The catalytic degradation of ethylene by δ-MnO2 at room temperature and its application in the postharvest preservation of Prunus salicina ‘Wushan Plum’ fruit

This study developed two δ-MnO₂ catalysts synthesized via isopropanol reduction (MnO₂-iso) and ammonium chloride hydrothermal treatment (MnO₂-NH₄Cl) for room-temperature ethylene catalytic degradation. Characterizations, e.g., scanning electron microscope, X-ray diffraction and N₂ adsorption-desorption analysis, are employed to investigate the underlying mechanism of their ethylene-degradation differences.
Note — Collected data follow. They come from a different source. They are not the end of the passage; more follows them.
lemma lipschitz_gradPhi_x: "\<exists>L. L-lipschitz_on {0..} (\<lambda>t. gradPhi (x t))"
proof (rule bounded_vector_derivative_imp_lipschitz[OF convex_real_interval(1)
      gradPhi_x_has_vector_derivative])
  have "continuous_on UNIV (\<lambda>p. hessPhi (fst p) *v snd p)"
    by (intro continuous_intros continuous_on_compose2[OF hess_cont]) auto
  from bounded_along_trajectory[OF this] show "bounded ((\<lambda>t. hessPhi (x t) *v v t) ` {0..})"
    by simp
qed auto

lemma v_tendsto_zero: "(v \<longlongrightarrow> 0) at_top"
proof -
  obtain L where "L-lipschitz_on {0..} v"
    using lipschitz_v by blast
  moreover obtain I where "((\<lambda>T. integral {0..T} (\<lambda>t. (norm (v t))\<^sup>2)) \<longlongrightarrow> I) at_top"
    using norm_v_power2_integral_convergent by blast
  ultimately show ?thesis
    using lipschitz_square_integrable_imp_tendsto_zero bounded_v by blast
qed

lemma gradPhi_x_tendsto_zero: "((\<lambda>t. gradPhi (x t)) \<longlongrightarrow> 0) at_top"
proof -
  obtain L where "L-lipschitz_on {0..} (\<lambda>t. gradPhi (x t))"
    using lipschitz_gradPhi_x by blast
  moreover obtain I
    where "((\<lambda>T. integral {0..T} (\<lambda>t. (norm (gradPhi (x t)))\<^sup>2)) \<longlongrightarrow> I) at_top"
    using norm_gradPhi_x_power2_integral_convergent by blast
  ultimately show ?thesis
    using lipschitz_square_integrable_imp_tendsto_zero bounded_gradPhi_x by blast
qed

lemma infdist_equilibria_tendsto_zero:
  "((\<lambda>t. infdist (x t, v t) {(y, w). w = 0 \<and> gradPhi y = 0}) \<longlongrightarrow> 0) at_top"
proof (rule infdist_zero_set_tendsto_zero)
  show "compact (closure (x ` {0..}))"
    using bounded_x by simp
  show "eventually (\<lambda>t. x t \<in> closure (x ` {0..})) at_top"
    using eventually_ge_at_top[of 0] by eventually_elim (simp add: closure_subset[THEN subsetD])
qed (fact gradPhi_continuous v_tendsto_zero gradPhi_x_tendsto_zero)+

end

theorem mainTheorem10:
  fixes \<Phi> :: "real ^ 'n \<Rightarrow> real"
    and gradPhi :: "real ^ 'n \<Rightarrow> real ^ 'n"
    and hessPhi :: "real ^ 'n \<Rightarrow> real ^ 'n ^ 'n"
    and \<alpha> \<beta> :: real
    and x v :: "real \<Rightarrow> real ^ 'n"
  assumes grad: "\<And>y. (\<Phi> has_derivative (\<lambda>h. gradPhi y \<bullet> h)) (at y)"
    and hess: "\<And>y. (gradPhi has_derivative (\<lambda>h. hessPhi y *v h)) (at y)"
    and hess_cont: "continuous_on UNIV hessPhi"
    and bdd_below: "\<exists>m. \<forall>y. m \<le> \<Phi> y"
    and hess_lip: "\<And>B. bounded B \<Longrightarrow> \<exists>L. lipschitz_on L B hessPhi"
    and \<alpha>_pos: "\<alpha> > 0" and \<beta>_pos: "\<beta> > 0"
    and x_ode: "\<And>t. t \<ge> 0 \<Longrightarrow> (x has_vector_derivative v t) (at t within {0..})"
    and v_ode: "\<And>t. t \<ge> 0 \<Longrightarrow>
        (v has_vector_derivative
           (- \<alpha> *\<^sub>R v t - gradPhi (x t) - \<beta> *\<^sub>R (hessPhi (x t) *v v t))) (at t within {0..})"
    and bdd: "bounded ((\<lambda>t. (x t, v t)) ` {0..})"
  shows "(\<lambda>t. (norm (v t))\<^sup>2) integrable_on {0..} \<and>
         (\<lambda>t. (norm (gradPhi (x t)))\<^sup>2) integrable_on {0..} \<and>
         (v \<longlongrightarrow> 0) at_top \<and>
         ((\<lambda>t. gradPhi (x t)) \<longlongrightarrow> 0) at_top \<and>
         ((\<lambda>t. infdist (x t, v t) {(y, w). w = 0 \<and> gradPhi y = 0}) \<longlongrightarrow> 0) at_top"
proof -
  text \<open>The Lipschitz continuity of the Hessian (\<open>hess_lip\<close>) only matters for the existence
    and uniqueness of trajectories.\<close>
  interpret bounded_hessian_damped_trajectory \<Phi> gradPhi hessPhi \<alpha> \<beta> x v
    using grad hess bdd_below \<alpha>_pos \<beta>_pos x_ode v_ode hess_cont bdd
    unfolding bounded_hessian_damped_trajectory_def bounded_hessian_damped_trajectory_axioms_def
      hessian_damped_trajectory_def
    by blast
  obtain I where "((\<lambda>t. (norm (v t))\<^sup>2) has_integral I) {0..}"
    using norm_v_power2_integral_convergent .
  moreover obtain J where "((\<lambda>t. (norm (gradPhi (x t)))\<^sup>2) has_integral J) {0..}"
    using norm_gradPhi_x_power2_integral_convergent .
  ultimately show ?thesis
    using v_tendsto_zero gradPhi_x_tendsto_zero infdist_equilibria_tendsto_zero by blast
qed

end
X-ray photoelectron spectroscopy indicates that the enhanced performance of MnO₂-iso primarily stems from its abundant surface defects, elevated Mn³⁺, and reactive oxygen species, relative to MnO₂-NH₄Cl. At 100 ppm ethylene over 8 h, MnO₂-iso achieves 66.9 % degradation efficiency compared to 46.1 % for MnO₂-NH₄Cl. Furthermore, when incorporated into composite labels for postharvest treatment of Prunus salicina ‘Wushan Plum’ fruit, both catalysts significantly reduce ethylene production by (28.5 % and 20.3 % by 12th day), delay respiration peaks by 2 d, better preserve fruits' key quality attributes, and extend fruits' shelf life by 3–5 d. These findings highlight δ-MnO₂ as an eco-friendly alternative for ambient ethylene oxidation in fruit preservation.